Sanofi’s billion euro investment in France

This move is part of a larger €3.5 billion program within the country. 

The investment will be allocated to facilities in Vitry-sur-Seine in Val de Marne, Le Trait in Seine-Maritime, and Lyon Gerland in the Rhône region. Its primary objective is to reduce France and the wider EU’s dependence on manufacturing capacity outside the region, thus enhancing supply chain security and resilience.

This initiative aligns with the EU’s concept of health sovereignty, which gained prominence in the aftermath of the COVID-19 pandemic. Health sovereignty focuses on reinforcing pharmaceutical systems and manufacturing capacities for vaccines and medical products, along with improving detection of threats and response mechanisms.

Sanofi’s investment program is expected to create over 500 jobs and bolster France’s ability to oversee the production of essential medicines comprehensively.

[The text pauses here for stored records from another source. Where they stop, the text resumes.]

(* Let $A$ be a real $2\times 2$ matrix and $B$ a real $1\times 2$ matrix, and let $\mathrm{NT}=\{\vec{x}\in\mathbb{R}^2 : BA^k\vec{x}>0 \text{ for all integers } k\ge 0\}$. If the topological boundary $\partial\mathrm{NT}$ is composed of two rays $l_1=\{k\vec{v}_1:k\ge 0\}$ and $l_2=\{k\vec{v}_2:k\ge0\}$ starting from the origin (with $\vec{v}_1,\vec{v}_2$ nonzero and not positive multiples of each other), then $l_1$ or $l_2$ is contained in the line $\{\vec{x}: B\vec{x}=0\}$.
   Context: $\mathrm{NT}$ is the non-termination set of the loop "while $(B\vec{x}>0)$ $\{\vec{x}:=A\vec{x}\}$". *)

theory Defs
  imports "HOL-Analysis.Analysis"
begin

primrec mpow :: "real^2^2 \<Rightarrow> nat \<Rightarrow> real^2^2" where
  "mpow A 0 = mat 1"
| "mpow A (Suc k) = A ** mpow A k"

text \<open>Non-termination set of the loop  while (B x > 0) { x := A x },
  where the 1x2 matrix B is represented by its single row b, so that B x = b \<bullet> x.\<close>
definition NT :: "real^2^2 \<Rightarrow> real^2 \<Rightarrow> (real^2) set" where
  "NT A b = {x. \<forall>k::nat. b \<bullet> (mpow A k *v x) > 0}"

definition ray :: "real^2 \<Rightarrow> (real^2) set" where
  "ray v = {k *\<^sub>R v | k. k \<ge> 0}"

end

theory Submission
  imports Defs
begin

(* Suppose neither ray lies in the line b.x = 0.  Since NT lies in the open
   half-plane b.x > 0, its closure lies in b.x >= 0, so b.v1 > 0 and b.v2 > 0, and the
   hypothesis on v1, v2 makes them a basis of R^2.  A point v of the frontier with b.v > 0
   is mapped by A into the frontier again (the loop runs one step from it), so A v1 and
   A v2 again lie on the two rays.  Up to exchanging v1 and v2 this leaves three shapes of A:
   diagonal in the basis v1, v2; A^2 = s A; or A^2 = s t I.  In the diagonal case the
   dominant eigenvector v1 is interior to NT, since b.(A^k x) has the sign of the dominant
   coordinate of x.  In the other cases A satisfies A^2 = c1 A + c0 I with c0, c1 >= 0, so
   positivity of b.x and b.(A x) already forces x into NT; this open condition holds at v1
   or v2.  In every case some v_i is interior to NT, contradicting v_i in the frontier. *)

lemma mpow_0_apply [simp]: "mpow A 0 *v x = x"
  by (simp add: matrix_vector_mul_lid)
(* Let $A$ be a commutative ring and $C$ a commutative noetherian $A$-algebra. If a $D(C,A)$-module $M$ has finite length in the category of $D(C,A)$-modules, then $M$ has only finitely many associated primes as a $C$-module; moreover, every simple $D(C,A)$-module has exactly one associated prime as a $C$-module.
   Context: $D(C,A)$ denotes the ring of $A$-linear differential operators on $C$: for $r\in C$, multiplication by $r$ is a differential operator of order $0$; an additive map $\delta:C\to C$ is a differential operator of order $\le n$ ($n\ge1$) if all commutators $r\circ\delta-\delta\circ r$ ($r\in C$) have order $\le n-1$; $D(C,A)$ consists of all such operators that are $A$-linear. *)

theory Defs
  imports Main
begin

definition is_ideal :: "'c::comm_ring_1 set \<Rightarrow> bool" where
  "is_ideal I \<longleftrightarrow> 0 \<in> I \<and> (\<forall>x\<in>I. \<forall>y\<in>I. x + y \<in> I) \<and> (\<forall>r. \<forall>x\<in>I. r * x \<in> I)"

definition is_prime_ideal :: "'c::comm_ring_1 set \<Rightarrow> bool" where
  "is_prime_ideal P \<longleftrightarrow> is_ideal P \<and> P \<noteq> UNIV \<and> (\<forall>a b. a * b \<in> P \<longrightarrow> a \<in> P \<or> b \<in> P)"

definition noetherian_ring :: "'c::comm_ring_1 itself \<Rightarrow> bool" where
  "noetherian_ring _ \<longleftrightarrow> (\<forall>I::'c set. is_ideal I \<longrightarrow>
      (\<exists>S. finite S \<and> S \<subseteq> I \<and> I = {\<Sum>s\<in>S. f s * s | f. True}))"

definition ring_hom_map :: "('a::comm_ring_1 \<Rightarrow> 'c::comm_ring_1) \<Rightarrow> bool" where
  "ring_hom_map \<phi> \<longleftrightarrow> \<phi> 1 = 1 \<and> (\<forall>x y. \<phi> (x + y) = \<phi> x + \<phi> y) \<and> (\<forall>x y. \<phi> (x * y) = \<phi> x * \<phi> y)"

fun diff_op :: "nat \<Rightarrow> ('c::comm_ring_1 \<Rightarrow> 'c) \<Rightarrow> bool" where
  "diff_op 0 \<delta> = (\<exists>r. \<delta> = (\<lambda>x. r * x))"
| "diff_op (Suc n) \<delta> = ((\<forall>x y. \<delta> (x + y) = \<delta> x + \<delta> y) \<and>
      (\<forall>r. diff_op n (\<lambda>x. r * \<delta> x - \<delta> (r * x))))"

definition Dops :: "('a::comm_ring_1 \<Rightarrow> 'c::comm_ring_1) \<Rightarrow> ('c \<Rightarrow> 'c) set" where
  "Dops \<phi> = {\<delta>. (\<exists>n. diff_op n \<delta>) \<and> (\<forall>x y. \<delta> (x + y) = \<delta> x + \<delta> y)
               \<and> (\<forall>a x. \<delta> (\<phi> a * x) = \<phi> a * \<delta> x)}"

definition D_module :: "('a::comm_ring_1 \<Rightarrow> 'c::comm_ring_1) \<Rightarrow> (('c \<Rightarrow> 'c) \<Rightarrow> 'm::ab_group_add \<Rightarrow> 'm) \<Rightarrow> bool" where
  "D_module \<phi> act \<longleftrightarrow>
     (\<forall>\<delta>\<in>Dops \<phi>. \<forall>x y. act \<delta> (x + y) = act \<delta> x + act \<delta> y) \<and>
     (\<forall>\<delta>\<in>Dops \<phi>. \<forall>\<epsilon>\<in>Dops \<phi>. \<forall>x. act (\<lambda>c. \<delta> c + \<epsilon> c) x = act \<delta> x + act \<epsilon> x) \<and>
     (\<forall>\<delta>\<in>Dops \<phi>. \<forall>\<epsilon>\<in>Dops \<phi>. \<forall>x. act (\<delta> \<circ> \<epsilon>) x = act \<delta> (act \<epsilon> x)) \<and>
     (\<forall>x. act id x = x)"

The company, as France’s largest pharmaceutical group, has previously committed €2.5 billion to ensure the maintenance of medicine and vaccine production within its domestic market amidst the pandemic. Over 60% of Sanofi’s global production takes place in the EU, with a mere 5% of active ingredients sourced from Asia, a stark contrast to the industry average of 80%.

Unprecedented industrial investments

The majority of the investment, approximately €1 billion, will be directed towards constructing a new facility in Vitry-sur-Seine, which will double the site’s capacity for producing monoclonal antibodies and other biologic drugs, creating 350 new jobs.